With that being said, there’s some evidence that even a smaller amount could have impacts. For example, in the 2015 study we discussed above, even drinking one cup (100mg) could be increasing low birth weight risk by 3%. For that reason, some women play it safe and cut caffeine out completely. However, that may be difficult considering that caffeine isn’t just in coffee. It can also be found in foods such as dark chocolate. Decaf beverage varieties also still have small amounts of caffeine.
To summarize, you should limit your caffeine intake to 200mg per day. If you want to be extra safe, aim to further limit or completely cut out caffeine.

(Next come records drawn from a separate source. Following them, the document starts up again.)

lemma tendsto_det [tendsto_intros]:
  fixes f :: "'x \<Rightarrow> 'a::real_normed_field^'n^'n"
  assumes "(f \<longlongrightarrow> X) F"
  shows "((\<lambda>x. det (f x)) \<longlongrightarrow> det X) F"
  unfolding det_def by (intro tendsto_intros assms)

lemma tendsto_matrix_inv:
  fixes f :: "'x \<Rightarrow> 'a::real_normed_field^'n^'n"
  assumes f: "(f \<longlongrightarrow> X) F" and X: "det X \<noteq> 0"
  shows "((\<lambda>x. matrix_inv (f x)) \<longlongrightarrow> matrix_inv X) F"
proof -
  define cramer_inv :: "'a^'n^'n \<Rightarrow> 'a^'n^'n" where
    "cramer_inv Y = (\<chi> i k. det (\<chi> a b. if b = i then (if a = k then 1 else 0) else Y $ a $ b) / det Y)"
    for Y
  have replaced_column: "((\<lambda>x. \<chi> a b. if b = i then (if a = k then 1 else 0) else f x $ a $ b)
      \<longlongrightarrow> (\<chi> a b. if b = i then (if a = k then 1 else 0) else X $ a $ b)) F" for i k :: 'n
  proof (intro tendsto_vec_lambda)
    show "((\<lambda>x. if b = i then (if a = k then 1 else 0) else f x $ a $ b)
      \<longlongrightarrow> (if b = i then (if a = k then 1 else 0) else X $ a $ b)) F" for a b
      by (cases "b = i") (simp_all add: f tendsto_vec_nth)
  qed
  then have "((\<lambda>x. cramer_inv (f x)) \<longlongrightarrow> cramer_inv X) F"
    unfolding cramer_inv_def by (intro tendsto_vec_lambda tendsto_divide tendsto_det replaced_column f X)
  moreover have "\<forall>\<^sub>F x in F. cramer_inv (f x) = matrix_inv (f x)"
    using tendsto_imp_eventually_ne[OF tendsto_det[OF f] X]
    by eventually_elim (simp add: vec_eq_iff matrix_inv_cramer cramer_inv_def)
  moreover have "cramer_inv X = matrix_inv X"
    using X by (simp add: vec_eq_iff matrix_inv_cramer cramer_inv_def)
  ultimately show ?thesis
    using Lim_transform_eventually by metis
qed

definition scale_matrix :: "'a::comm_ring_1 \<Rightarrow> 'a^'n^'m \<Rightarrow> 'a^'n^'m" where
  "scale_matrix c X = (\<chi> i j. c * X $ i $ j)"

lemma scale_matrix_nth [simp]: "scale_matrix c X $ i $ j = c * X $ i $ j"
  by (simp add: scale_matrix_def)

lemma scale_matrix_mult_left [simp]: "scale_matrix c X ** Y = scale_matrix c (X ** Y)"
  by (simp add: vec_eq_iff matrix_matrix_mult_def sum_distrib_left mult.assoc)

lemma scale_matrix_mult_right [simp]: "X ** scale_matrix c Y = scale_matrix c (X ** Y)"
  by (simp add: vec_eq_iff matrix_matrix_mult_def sum_distrib_left mult_ac)

lemma mat_mult_left [simp]: "mat c ** X = scale_matrix c X"
  by (simp add: vec_eq_iff matrix_matrix_mult_def mat_def if_distrib if_distribR sum.delta
      cong: if_cong)

lemma mat_mult_right [simp]: "X ** mat c = scale_matrix c X"
  by (simp add: vec_eq_iff matrix_matrix_mult_def mat_def if_distrib if_distribR sum.delta'
      mult.commute cong: if_cong)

Caffeine and Pregnancy First Trimester: Does Fetus Age Matter?
You may wonder about caffeine and pregnancy in the first trimester since that’s a big stage of baby development. However, since it’s unclear how caffeine affects pregnancy, it’s unclear which stages may be most impacted. Although we have information on the complications experienced by pregnant heavy coffee drinkers, we have less data on what happens during the first, second and third trimesters.
One 2020 study on rodents showed that caffeine had an effect during specific stages, suggesting that it may depend on pregnancy timing in humans too. A 2019 Korean study found that heavy coffee drinking was associated with a higher risk of bleeding during early pregnancy.

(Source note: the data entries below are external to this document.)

lemma bij_betw_contract_colored:
  assumes f: "f \<in> bijections block (\<gamma> b)"
  shows "bij_betw contract {v \<in> I' \<union> {n}. x \<in> expand \<gamma> f v} {v \<in> I \<union> {n}. x \<in> \<gamma> v}"
proof (rule bij_betw_imageI)
  show "inj_on contract {v \<in> I' \<union> {n}. x \<in> expand \<gamma> f v}"
    using contract_eq_imp_eq[OF f] by (auto intro: inj_onI)
  show "contract ` {v \<in> I' \<union> {n}. x \<in> expand \<gamma> f v} = {v \<in> I \<union> {n}. x \<in> \<gamma> v}"
  proof
    show "contract ` {v \<in> I' \<union> {n}. x \<in> expand \<gamma> f v} \<subseteq> {v \<in> I \<union> {n}. x \<in> \<gamma> v}"
      using contract_vertex expand_subset_contract[where \<gamma> = \<gamma>, OF f] by blast
    show "{v \<in> I \<union> {n}. x \<in> \<gamma> v} \<subseteq> contract ` {v \<in> I' \<union> {n}. x \<in> expand \<gamma> f v}"
    proof
      fix v assume "v \<in> {v \<in> I \<union> {n}. x \<in> \<gamma> v}"
      then obtain u where "u \<in> I' \<union> {n}" "contract u = v" "x \<in> expand \<gamma> f u"
        using expand_lift[where \<gamma> = \<gamma>, OF f] by blast
      then show "v \<in> contract ` {v \<in> I' \<union> {n}. x \<in> expand \<gamma> f v}"
        by blast
    qed
  qed
qed

lemma xexp_expand:
  assumes "f \<in> bijections block (\<gamma> b)"
  shows "xexp I' n (expand \<gamma> f) = xexp I n \<gamma>"
  unfolding xexp_def using bij_betw_same_card[OF bij_betw_contract_colored[where \<gamma> = \<gamma>, OF assms]] by simp

lemma card_ascent_pairs_within_block:
  assumes f: "f \<in> bijections block S"
  shows "card {e \<in> ascent_pairs I' n h' (expand \<gamma> f). fst (fst e) \<in> block \<and> snd (fst e) \<in> block}
    = coinversions f block"
proof -
  let ?pair = "\<lambda>(u, v). ((u, v), (f u, f v))"
  have "{e \<in> ascent_pairs I' n h' (expand \<gamma> f). fst (fst e) \<in> block \<and> snd (fst e) \<in> block}
      = ?pair ` {(u, v) \<in> block \<times> block. u < v \<and> f u < f v}"
    by (auto simp: hedge_refined_iff expand_def image_iff)
  moreover have "inj_on ?pair {(u, v) \<in> block \<times> block. u < v \<and> f u < f v}"
    by (auto intro: inj_onI)
  ultimately show ?thesis
    unfolding coinversions_def by (simp add: card_image)
qed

The recommendation of limiting your intake to 200mg per day is for your entire journey. Some women may hope that caffeine during pregnancy in the second trimester is less harmful. However, you should still limit your intake even into breastfeeding.
Here’s What Your Pregnancy Caffeine Limit Looks Like
Now that you know you should limit your intake to 200mg per day, what does that exactly look like? Here’s a list so you don’t need to guess. Feel free to bookmark this page or save this link so you can refer to this list as a general guide whenever you’re gauging caffeine content.
200mg/day Looks Like*:
- 2 small cups of normal strength coffee (avg. 100mg each)
- 8 cans of coke (though we don’t recommend drinking this many, they have 29mg each).
- 2 Pints of Ben & Jerry’s Coffee Buzz Ice Cream (72 mg each)
- 4 cups 6 oz. of green or black tea (about 40-45mg each)
- 5 oz. of 80% cocoa dark chocolate
- 2 Tall Starbucks Iced Coffee with milk (90mg each) (remember no milk means more caffeine!)
- 2 short Caffe Misto (75mg each)
- 1 Short Starbucks coffee (high caffeine blends, 180mg each)
- 2 Short or Tall hot expresso drinks (i.e. latte, mocha) (75mg each)
*What to Consider
This caffeine content list gives you general estimates. Amounts will vary across product varieties. For example, you may be served or you may purchase a higher caffeine coffee blend, accidentally upping your intake. Be sure to check the label or ask the barista to be sure.
You should also consider checking the label when something contains coffee or dark chocolate flavor. Depending on how natural the flavor is, you may need to factor that into your daily intake.
The best way to know how much caffeine you’re having a day is to write down the caffeine products you typically eat or drink. Then, either make a mental note or write down whenever you consume it. Over a few days, you’ll have an idea of what your general caffeine intake is and how much you need to cut down.
Summary on Caffeine During Pregnancy Trimesters
There’s not enough evidence to say how caffeine affects pregnancy. Some studies show that in higher amounts, it may be associated with preterm birth and/or miscarriage. Although the connection isn’t clear, most experts, including the ACOG, recommend keeping caffeine intake to below 200mg per day. This is usually around 2 cups of normal strength coffee. However, be careful about high-caffeine varieties that may be served in cafes. Caffeine can also be found in foods such as dark chocolate or coffee flavors, so be sure to factor that in too. Some women prefer to play it safe by aiming well below the 200mg limit.